Environment Setup (Optional)

Create a .env file for OpenAI integration:

cp .env.example .env
# Edit .env and add your OPENAI_API_KEY

📖 Usage

1️⃣ Index a Local Project

Index your current project or any directory:

# Index current directory
uv run python main.py index .

# Index a specific project
uv run python main.py index /path/to/your/project

What happens:

Creates a .cortex directory in the project root
Analyzes and chunks all code files
Builds a vector index for semantic search
Stores file hashes for incremental updates

2️⃣ Index a GitHub Repository

Clone and index a GitHub repository directly:

# Index from GitHub URL
uv run python main.py index https://github.com/user/repo.git --type github

# Or use the shorthand
uv run python main.py index https://github.com/user/repo.git

What happens:

Clones the repository to ~/.cortex/repos/
Indexes the entire codebase
Provides a path for future queries

3️⃣ Ask a Question

Query your codebase with a single question:

# Ask about the current project
uv run python main.py ask "How does the StateManager handle file hashing?"

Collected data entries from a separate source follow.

lemma fam_lincomb_index[simp]: "i < n \<Longrightarrow> fam_lincomb n k b c $ i = (\<Sum>j<k. c j * b j $ i)"
  unfolding fam_lincomb_def by simp

lemma fam_lincomb_cong:
  "(\<And>j. j < k \<Longrightarrow> c j = d j) \<Longrightarrow> (\<And>j. j < k \<Longrightarrow> b j = b' j) \<Longrightarrow> fam_lincomb n k b c = fam_lincomb n k b' d"
  unfolding fam_lincomb_def by (intro eq_vecI) auto

lemma fam_lincomb_0: "fam_lincomb n 0 b c = 0\<^sub>v n"
  by (rule eq_vecI) auto

lemma fam_lincomb_add: "fam_lincomb n k b c + fam_lincomb n k b d = fam_lincomb n k b (\<lambda>j. c j + d j)"
  by (rule eq_vecI) (auto simp: sum.distrib algebra_simps)

lemma fam_lincomb_smult: "a \<cdot>\<^sub>v fam_lincomb n k b c = fam_lincomb n k b (\<lambda>j. a * c j)"
  by (rule eq_vecI) (auto simp: sum_distrib_left algebra_simps)

lemma fam_lincomb_Suc: "b k \<in> carrier_vec n \<Longrightarrow> fam_lincomb n (Suc k) b c = fam_lincomb n k b c + c k \<cdot>\<^sub>v b k"
  by (intro eq_vecI) auto

lemma fam_lincomb_Suc_shift:
  "z 0 \<in> carrier_vec n \<Longrightarrow>
   fam_lincomb n (Suc p) z c = c 0 \<cdot>\<^sub>v z 0 + fam_lincomb n p (\<lambda>a. z (Suc a)) (\<lambda>a. c (Suc a))"
  by (intro eq_vecI) (auto simp del: sum.lessThan_Suc simp add: sum.lessThan_Suc_shift)

lemma fam_lincomb_unit:
  assumes i: "i < k" and b: "b i \<in> carrier_vec n"
  shows "fam_lincomb n k b (\<lambda>j. if j = i then 1 else 0) = b i"
proof (rule eq_vecI)
  fix l assume "l < dim_vec (b i)"
  hence l: "l < n" using b by simp
  have "(\<Sum>j<k. (if j = i then 1 else 0) * b j $ l) = (\<Sum>j<k. if j = i then b j $ l else 0)"
    by (intro sum.cong refl) simp
  also have "\<dots> = b i $ l" using i by simp
  finally show "fam_lincomb n k b (\<lambda>j. if j = i then 1 else 0) $ l = b i $ l" using l by simp
qed (use b in simp)

lemma fam_lincomb_extend:
  assumes "\<And>j. j < k \<Longrightarrow> b' j = b j" "k \<le> k'"
  shows "fam_lincomb n k b c = fam_lincomb n k' b' (\<lambda>j. if j < k then c j else 0)"
proof (rule eq_vecI)
  fix i assume "i < dim_vec (fam_lincomb n k' b' (\<lambda>j. if j < k then c j else 0))"
  hence i: "i < n" by simp
  have "(\<Sum>j<k'. (if j < k then c j else 0) * b' j $ i) = (\<Sum>j<k. (if j < k then c j else 0) * b' j $ i)"
    using assms(2) by (intro sum.mono_neutral_right) auto
  thus "fam_lincomb n k b c $ i = fam_lincomb n k' b' (\<lambda>j. if j < k then c j else 0) $ i"
    using i assms(1) by simp
qed simp

lemma fam_lincomb_scalar_prod:
  assumes b: "\<And>j. j < k \<Longrightarrow> b j \<in> carrier_vec n" and y: "y \<in> carrier_vec n"
  shows "fam_lincomb n k b c \<bullet> y = (\<Sum>j<k. c j * (b j \<bullet> y))"
proof -
  have "fam_lincomb n k b c \<bullet> y = (\<Sum>i<n. (\<Sum>j<k. c j * b j $ i) * y $ i)"
    by (subst scalar_prod_sum[OF fam_lincomb_carrier y], intro sum.cong refl, simp)
  also have "\<dots> = (\<Sum>j<k. c j * (\<Sum>i<n. b j $ i * y $ i))"
    by (simp add: sum_distrib_left sum_distrib_right sum.swap[of _ "{..<n}"] mult.assoc)
  also have "\<dots> = (\<Sum>j<k. c j * (b j \<bullet> y))"
    using b y by (intro sum.cong refl) (simp add: scalar_prod_sum[of "b _" n y])
  finally show ?thesis .
qed

lemma scalar_prod_fam_lincomb:
  assumes b: "\<And>j. j < k \<Longrightarrow> b j \<in> carrier_vec n" and y: "y \<in> carrier_vec n"
  shows "y \<bullet> fam_lincomb n k b c = (\<Sum>j<k. c j * (y \<bullet> b j))"
proof -
  have "y \<bullet> fam_lincomb n k b c = fam_lincomb n k b c \<bullet> y" using y by (simp add: comm_scalar_prod[of _ n])
  also have "\<dots> = (\<Sum>j<k. c j * (b j \<bullet> y))" by (rule fam_lincomb_scalar_prod[OF b y])
  also have "\<dots> = (\<Sum>j<k. c j * (y \<bullet> b j))"
    using b y by (intro sum.cong refl) (simp add: comm_scalar_prod[of _ n])
  finally show ?thesis .
qed

lemma orthonormal_coeff:
  assumes o: "orthonormal n k b" and i: "i < k"
  shows "b i \<bullet> fam_lincomb n k b c = c i"
proof -
  have "b i \<bullet> fam_lincomb n k b c = (\<Sum>j<k. c j * (b i \<bullet> b j))"
    using o i by (intro scalar_prod_fam_lincomb) (auto simp: orthonormal_def)
  also have "\<dots> = (\<Sum>j<k. if j = i then c j else 0)"
    using o i by (intro sum.cong refl) (auto simp: orthonormal_def)
  also have "\<dots> = c i" using i by simp
  finally show ?thesis .
qed

lemma orthonormal_insert:
  assumes o: "orthonormal n j v" and u: "u \<in> carrier_vec n" and ou: "\<forall>k<j. v k \<bullet> u = 0" and uu: "u \<bullet> u = 1"
  shows "orthonormal n (Suc j) (v(j := u))"
  unfolding orthonormal_def
proof (intro conjI allI impI)
  fix i assume "i < Suc j" thus "(v(j := u)) i \<in> carrier_vec n" using o u by (auto simp: orthonormal_def less_Suc_eq)
next
  fix i l assume i: "i < Suc j" and l: "l < Suc j"
  have vc: "\<And>k. k < j \<Longrightarrow> v k \<in> carrier_vec n" using o by (simp add: orthonormal_def)
  have uo: "\<And>k. k < j \<Longrightarrow> u \<bullet> v k = 0" using ou vc u by (simp add: comm_scalar_prod[of _ n])
  show "(v(j := u)) i \<bullet> (v(j := u)) l = (if i = l then 1 else 0)"
    using i l o ou uo uu by (auto simp: orthonormal_def less_Suc_eq)
qed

# Ask about a specific project
uv run python main.py ask "What tools are available?" -p /path/to/project

# Use OpenAI for better responses
uv run python main.py ask "Explain the agent architecture" --provider openai --model gpt-4o

Features:

Automatic background file watching during query
Multi-tool execution for comprehensive answers
Supports both local (Ollama) and cloud (OpenAI) models

4️⃣ Interactive Chat

Start a persistent conversation with your codebase:

# Chat with current project (using OpenAI by default)
uv run python main.py chat

# Chat with a specific project
uv run python main.py chat --project /path/to/project

# Use local Ollama model
uv run python main.py chat --provider ollama --model ministral-3:3b

Features:

Conversation memory across messages
Real-time file watching
Type exit or quit to end the session

Example Session:

You : What files are in the agents directory?
Cortex: The agents directory contains:
- orchestrator.py (main orchestrator)
- tools.py (tool definitions)
- reranker.py (result reranking)
- subagents/ (specialized agents)

You : Show me the tools available
Cortex: [Lists all tools with descriptions...]

5️⃣ Watch for Changes

Manually start the file watcher (usually automatic in ask and chat):

# Watch current directory
uv run python main.py watch .

# Watch a specific project
uv run python main.py watch /path/to/project

What it does:

Monitors file system for changes
Automatically re-indexes modified files
Keeps your vector store in sync

6️⃣ Manage GitHub Repositories

List and manage cloned repositories:

# List all cloned repos
uv run python main.py repo list

# Delete a cloned repo
uv run python main.py repo delete repo-name

🎯 Use Cases

🔍 Code Exploration

"I just joined a new team. How do I understand this massive codebase?"

uv run python main.py chat --project /path/to/new/codebase

Ask questions like:

"What is the overall architecture?"
"Where is the authentication logic?"
"How does the database connection work?"
"Show me all API endpoints"

🐛 Debugging & Investigation

"There's a bug in the payment processing. Where should I look?"

uv run python main.py ask "Find all code related to payment processing"

Cortex will:

Search semantically for payment-related code
Find exact function/class definitions
Show you references across the codebase

📚 Documentation & Onboarding

"I need to document how our indexing system works."

uv run python main.py ask "Explain how the incremental indexing system works"

Get detailed explanations with:

Code snippets from relevant files
Architecture diagrams (via agent reasoning)
Step-by-step breakdowns

🔄 Refactoring Assistance

"I want to refactor the StateManager class. What depends on it?"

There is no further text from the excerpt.